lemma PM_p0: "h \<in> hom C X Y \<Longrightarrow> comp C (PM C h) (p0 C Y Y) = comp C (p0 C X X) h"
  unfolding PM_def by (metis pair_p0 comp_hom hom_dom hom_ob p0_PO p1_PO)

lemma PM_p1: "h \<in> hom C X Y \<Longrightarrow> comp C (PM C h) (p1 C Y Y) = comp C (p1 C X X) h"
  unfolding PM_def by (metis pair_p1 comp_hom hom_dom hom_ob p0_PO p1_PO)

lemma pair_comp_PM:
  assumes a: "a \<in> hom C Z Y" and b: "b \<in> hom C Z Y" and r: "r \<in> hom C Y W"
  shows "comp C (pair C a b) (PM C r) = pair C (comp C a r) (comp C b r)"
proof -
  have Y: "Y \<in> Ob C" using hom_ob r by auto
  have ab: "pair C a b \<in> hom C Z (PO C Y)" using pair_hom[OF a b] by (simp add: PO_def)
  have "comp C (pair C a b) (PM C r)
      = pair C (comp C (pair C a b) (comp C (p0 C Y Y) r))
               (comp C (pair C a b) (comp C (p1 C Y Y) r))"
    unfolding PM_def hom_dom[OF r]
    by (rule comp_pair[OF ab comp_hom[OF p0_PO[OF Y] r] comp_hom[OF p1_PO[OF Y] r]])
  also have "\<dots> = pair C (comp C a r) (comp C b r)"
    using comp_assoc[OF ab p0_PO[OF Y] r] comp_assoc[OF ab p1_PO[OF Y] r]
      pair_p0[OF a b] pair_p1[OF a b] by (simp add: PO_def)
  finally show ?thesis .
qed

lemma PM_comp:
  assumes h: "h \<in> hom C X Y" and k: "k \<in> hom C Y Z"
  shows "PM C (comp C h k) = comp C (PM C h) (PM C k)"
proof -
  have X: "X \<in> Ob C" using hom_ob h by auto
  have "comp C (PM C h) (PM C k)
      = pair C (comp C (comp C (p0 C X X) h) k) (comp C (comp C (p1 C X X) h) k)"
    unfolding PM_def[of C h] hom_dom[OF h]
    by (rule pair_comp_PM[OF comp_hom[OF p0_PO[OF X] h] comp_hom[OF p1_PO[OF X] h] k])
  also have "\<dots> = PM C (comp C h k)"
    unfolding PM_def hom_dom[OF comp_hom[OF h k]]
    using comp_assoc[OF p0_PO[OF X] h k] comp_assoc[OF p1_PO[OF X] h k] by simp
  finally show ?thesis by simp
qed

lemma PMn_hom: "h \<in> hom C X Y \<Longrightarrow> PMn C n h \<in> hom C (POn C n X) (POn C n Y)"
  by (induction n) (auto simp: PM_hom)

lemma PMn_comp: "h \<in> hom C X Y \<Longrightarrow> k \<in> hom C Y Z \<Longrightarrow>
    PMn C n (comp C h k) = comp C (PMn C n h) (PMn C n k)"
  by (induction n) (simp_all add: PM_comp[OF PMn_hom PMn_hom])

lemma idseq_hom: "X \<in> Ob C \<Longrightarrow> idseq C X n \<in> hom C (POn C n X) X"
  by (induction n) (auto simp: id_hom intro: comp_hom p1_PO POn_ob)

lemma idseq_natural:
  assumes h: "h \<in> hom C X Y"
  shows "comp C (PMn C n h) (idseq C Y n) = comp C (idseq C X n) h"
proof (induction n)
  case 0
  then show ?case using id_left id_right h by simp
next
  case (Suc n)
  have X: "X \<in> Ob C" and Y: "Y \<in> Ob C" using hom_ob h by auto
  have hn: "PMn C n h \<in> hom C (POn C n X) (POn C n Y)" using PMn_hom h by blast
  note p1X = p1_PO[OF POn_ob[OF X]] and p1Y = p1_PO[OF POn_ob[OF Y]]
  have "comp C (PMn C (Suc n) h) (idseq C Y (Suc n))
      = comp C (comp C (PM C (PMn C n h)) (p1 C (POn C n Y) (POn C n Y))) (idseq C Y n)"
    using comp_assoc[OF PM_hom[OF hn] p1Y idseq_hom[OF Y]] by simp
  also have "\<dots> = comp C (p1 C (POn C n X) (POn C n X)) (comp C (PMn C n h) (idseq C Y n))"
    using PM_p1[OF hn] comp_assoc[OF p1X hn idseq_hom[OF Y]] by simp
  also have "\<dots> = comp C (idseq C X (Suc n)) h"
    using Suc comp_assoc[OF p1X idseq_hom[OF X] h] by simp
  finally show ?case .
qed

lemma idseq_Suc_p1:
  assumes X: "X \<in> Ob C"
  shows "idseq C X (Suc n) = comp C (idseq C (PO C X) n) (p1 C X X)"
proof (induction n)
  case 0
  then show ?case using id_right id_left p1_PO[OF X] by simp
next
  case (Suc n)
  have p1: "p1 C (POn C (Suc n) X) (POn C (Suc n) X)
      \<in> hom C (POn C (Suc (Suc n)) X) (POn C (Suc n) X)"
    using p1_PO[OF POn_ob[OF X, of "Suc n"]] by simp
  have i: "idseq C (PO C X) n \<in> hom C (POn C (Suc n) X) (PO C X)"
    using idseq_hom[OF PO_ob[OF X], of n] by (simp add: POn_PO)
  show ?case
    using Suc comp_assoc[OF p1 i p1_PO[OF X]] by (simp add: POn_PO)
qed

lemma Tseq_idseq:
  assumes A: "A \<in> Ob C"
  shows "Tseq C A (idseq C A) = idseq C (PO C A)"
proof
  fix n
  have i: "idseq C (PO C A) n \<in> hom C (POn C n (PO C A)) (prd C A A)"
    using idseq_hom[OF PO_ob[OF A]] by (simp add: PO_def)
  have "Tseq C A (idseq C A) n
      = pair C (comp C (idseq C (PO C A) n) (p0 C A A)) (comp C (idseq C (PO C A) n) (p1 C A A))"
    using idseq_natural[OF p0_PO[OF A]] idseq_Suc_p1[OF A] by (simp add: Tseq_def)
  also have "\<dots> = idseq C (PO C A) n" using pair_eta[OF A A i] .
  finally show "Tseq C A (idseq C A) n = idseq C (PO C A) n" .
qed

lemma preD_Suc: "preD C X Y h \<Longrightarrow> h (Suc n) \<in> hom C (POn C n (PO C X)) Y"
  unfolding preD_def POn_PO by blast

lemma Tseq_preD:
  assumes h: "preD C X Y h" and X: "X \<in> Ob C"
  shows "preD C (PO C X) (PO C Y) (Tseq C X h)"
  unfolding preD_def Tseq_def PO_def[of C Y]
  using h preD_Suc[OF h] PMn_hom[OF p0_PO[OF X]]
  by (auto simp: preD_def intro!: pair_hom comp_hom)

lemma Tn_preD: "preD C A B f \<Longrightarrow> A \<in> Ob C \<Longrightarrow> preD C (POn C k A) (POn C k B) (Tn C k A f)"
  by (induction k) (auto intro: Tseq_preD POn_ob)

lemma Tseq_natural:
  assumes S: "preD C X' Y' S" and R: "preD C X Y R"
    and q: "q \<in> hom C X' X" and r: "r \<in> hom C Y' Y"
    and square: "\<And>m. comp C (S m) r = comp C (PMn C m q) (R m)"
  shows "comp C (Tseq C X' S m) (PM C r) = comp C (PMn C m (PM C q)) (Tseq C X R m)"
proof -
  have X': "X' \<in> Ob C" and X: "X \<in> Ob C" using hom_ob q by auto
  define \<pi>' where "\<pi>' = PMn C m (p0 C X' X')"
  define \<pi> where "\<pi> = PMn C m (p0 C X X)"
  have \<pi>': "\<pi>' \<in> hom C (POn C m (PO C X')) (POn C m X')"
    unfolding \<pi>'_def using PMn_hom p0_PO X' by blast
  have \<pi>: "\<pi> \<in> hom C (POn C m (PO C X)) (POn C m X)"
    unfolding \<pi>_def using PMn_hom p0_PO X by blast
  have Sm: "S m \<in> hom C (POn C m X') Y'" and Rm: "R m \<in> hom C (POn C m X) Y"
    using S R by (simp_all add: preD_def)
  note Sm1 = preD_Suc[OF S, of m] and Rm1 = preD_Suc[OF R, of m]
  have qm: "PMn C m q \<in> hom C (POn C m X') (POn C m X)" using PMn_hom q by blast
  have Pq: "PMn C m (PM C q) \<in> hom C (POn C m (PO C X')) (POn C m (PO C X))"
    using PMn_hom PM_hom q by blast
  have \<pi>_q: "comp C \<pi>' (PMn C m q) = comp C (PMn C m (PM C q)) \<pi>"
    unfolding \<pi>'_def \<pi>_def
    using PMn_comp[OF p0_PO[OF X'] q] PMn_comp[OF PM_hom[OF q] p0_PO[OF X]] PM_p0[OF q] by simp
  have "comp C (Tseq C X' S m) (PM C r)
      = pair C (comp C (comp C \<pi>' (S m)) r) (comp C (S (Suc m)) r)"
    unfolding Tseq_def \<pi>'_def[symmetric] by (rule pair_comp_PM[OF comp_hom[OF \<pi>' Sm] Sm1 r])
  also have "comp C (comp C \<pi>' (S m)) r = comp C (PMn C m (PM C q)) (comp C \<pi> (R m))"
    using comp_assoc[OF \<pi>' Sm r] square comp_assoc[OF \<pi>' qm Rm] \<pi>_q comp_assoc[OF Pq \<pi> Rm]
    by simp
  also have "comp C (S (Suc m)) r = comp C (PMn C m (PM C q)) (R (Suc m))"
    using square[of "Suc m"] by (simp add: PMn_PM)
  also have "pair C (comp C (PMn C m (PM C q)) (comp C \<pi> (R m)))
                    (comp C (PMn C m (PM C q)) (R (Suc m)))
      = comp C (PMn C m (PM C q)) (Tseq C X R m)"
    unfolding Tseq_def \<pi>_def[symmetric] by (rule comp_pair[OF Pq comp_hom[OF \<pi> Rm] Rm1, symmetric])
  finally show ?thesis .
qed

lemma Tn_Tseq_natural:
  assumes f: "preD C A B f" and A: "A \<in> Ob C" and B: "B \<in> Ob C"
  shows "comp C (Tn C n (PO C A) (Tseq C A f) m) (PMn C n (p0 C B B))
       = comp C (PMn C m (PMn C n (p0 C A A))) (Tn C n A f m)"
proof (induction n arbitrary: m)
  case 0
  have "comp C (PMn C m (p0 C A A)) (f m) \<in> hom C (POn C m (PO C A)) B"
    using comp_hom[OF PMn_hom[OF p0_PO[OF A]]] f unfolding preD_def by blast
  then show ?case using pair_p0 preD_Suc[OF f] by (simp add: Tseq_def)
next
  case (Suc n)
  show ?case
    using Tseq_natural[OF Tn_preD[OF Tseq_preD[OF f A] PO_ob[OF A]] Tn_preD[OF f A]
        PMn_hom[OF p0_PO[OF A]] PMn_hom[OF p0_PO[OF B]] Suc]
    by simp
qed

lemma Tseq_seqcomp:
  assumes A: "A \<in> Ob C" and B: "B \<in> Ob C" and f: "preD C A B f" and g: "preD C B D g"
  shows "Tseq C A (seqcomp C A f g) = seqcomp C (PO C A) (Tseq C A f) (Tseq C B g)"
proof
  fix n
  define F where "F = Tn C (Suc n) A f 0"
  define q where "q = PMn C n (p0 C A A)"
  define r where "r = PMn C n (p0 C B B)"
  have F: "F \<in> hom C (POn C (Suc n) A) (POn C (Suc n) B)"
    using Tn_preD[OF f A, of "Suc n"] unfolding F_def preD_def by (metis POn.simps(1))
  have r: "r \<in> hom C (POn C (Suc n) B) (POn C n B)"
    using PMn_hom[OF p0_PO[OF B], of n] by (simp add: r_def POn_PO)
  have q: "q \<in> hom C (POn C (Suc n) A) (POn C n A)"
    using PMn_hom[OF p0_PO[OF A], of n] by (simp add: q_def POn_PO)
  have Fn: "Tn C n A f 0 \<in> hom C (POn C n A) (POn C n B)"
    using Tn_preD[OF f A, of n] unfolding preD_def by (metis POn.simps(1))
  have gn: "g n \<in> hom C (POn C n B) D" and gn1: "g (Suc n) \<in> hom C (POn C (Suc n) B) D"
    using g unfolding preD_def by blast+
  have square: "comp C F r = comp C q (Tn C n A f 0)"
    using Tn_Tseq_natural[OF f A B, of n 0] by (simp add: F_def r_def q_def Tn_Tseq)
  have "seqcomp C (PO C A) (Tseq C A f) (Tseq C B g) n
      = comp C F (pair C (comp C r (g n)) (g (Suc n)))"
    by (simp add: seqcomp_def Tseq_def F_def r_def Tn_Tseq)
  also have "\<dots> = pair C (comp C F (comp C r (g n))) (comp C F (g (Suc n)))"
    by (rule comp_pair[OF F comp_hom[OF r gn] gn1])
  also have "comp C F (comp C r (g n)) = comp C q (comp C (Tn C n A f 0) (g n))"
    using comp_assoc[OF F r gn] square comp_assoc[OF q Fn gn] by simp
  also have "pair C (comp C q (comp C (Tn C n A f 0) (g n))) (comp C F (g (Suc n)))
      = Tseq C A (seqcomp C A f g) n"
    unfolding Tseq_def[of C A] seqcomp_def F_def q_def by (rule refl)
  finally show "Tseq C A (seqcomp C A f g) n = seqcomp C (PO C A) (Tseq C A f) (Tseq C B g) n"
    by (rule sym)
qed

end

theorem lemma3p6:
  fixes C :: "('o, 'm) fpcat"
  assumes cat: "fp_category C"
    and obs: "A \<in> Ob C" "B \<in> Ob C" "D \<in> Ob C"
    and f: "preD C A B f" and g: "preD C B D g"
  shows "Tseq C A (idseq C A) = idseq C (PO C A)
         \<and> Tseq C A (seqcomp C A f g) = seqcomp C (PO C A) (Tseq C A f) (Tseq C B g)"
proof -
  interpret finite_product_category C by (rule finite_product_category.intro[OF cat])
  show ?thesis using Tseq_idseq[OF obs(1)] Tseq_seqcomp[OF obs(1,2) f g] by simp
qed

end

**Exercise aim:**
Above are the records. Print exactly, and only, the lines from the line with "n) A) (POn C n" to the line with "C (comp C q", both inclusive.

**Your response:**
  have q: "q \<in> hom C (POn C (Suc n) A) (POn C n A)"
    using PMn_hom[OF p0_PO[OF A], of n] by (simp add: q_def POn_PO)
  have Fn: "Tn C n A f 0 \<in> hom C (POn C n A) (POn C n B)"
    using Tn_preD[OF f A, of n] unfolding preD_def by (metis POn.simps(1))
  have gn: "g n \<in> hom C (POn C n B) D" and gn1: "g (Suc n) \<in> hom C (POn C (Suc n) B) D"
    using g unfolding preD_def by blast+
  have square: "comp C F r = comp C q (Tn C n A f 0)"
    using Tn_Tseq_natural[OF f A B, of n 0] by (simp add: F_def r_def q_def Tn_Tseq)
  have "seqcomp C (PO C A) (Tseq C A f) (Tseq C B g) n
      = comp C F (pair C (comp C r (g n)) (g (Suc n)))"
    by (simp add: seqcomp_def Tseq_def F_def r_def Tn_Tseq)
  also have "\<dots> = pair C (comp C F (comp C r (g n))) (comp C F (g (Suc n)))"
    by (rule comp_pair[OF F comp_hom[OF r gn] gn1])
  also have "comp C F (comp C r (g n)) = comp C q (comp C (Tn C n A f 0) (g n))"
    using comp_assoc[OF F r gn] square comp_assoc[OF q Fn gn] by simp
  also have "pair C (comp C q (comp C (Tn C n A f 0) (g n))) (comp C F (g (Suc n)))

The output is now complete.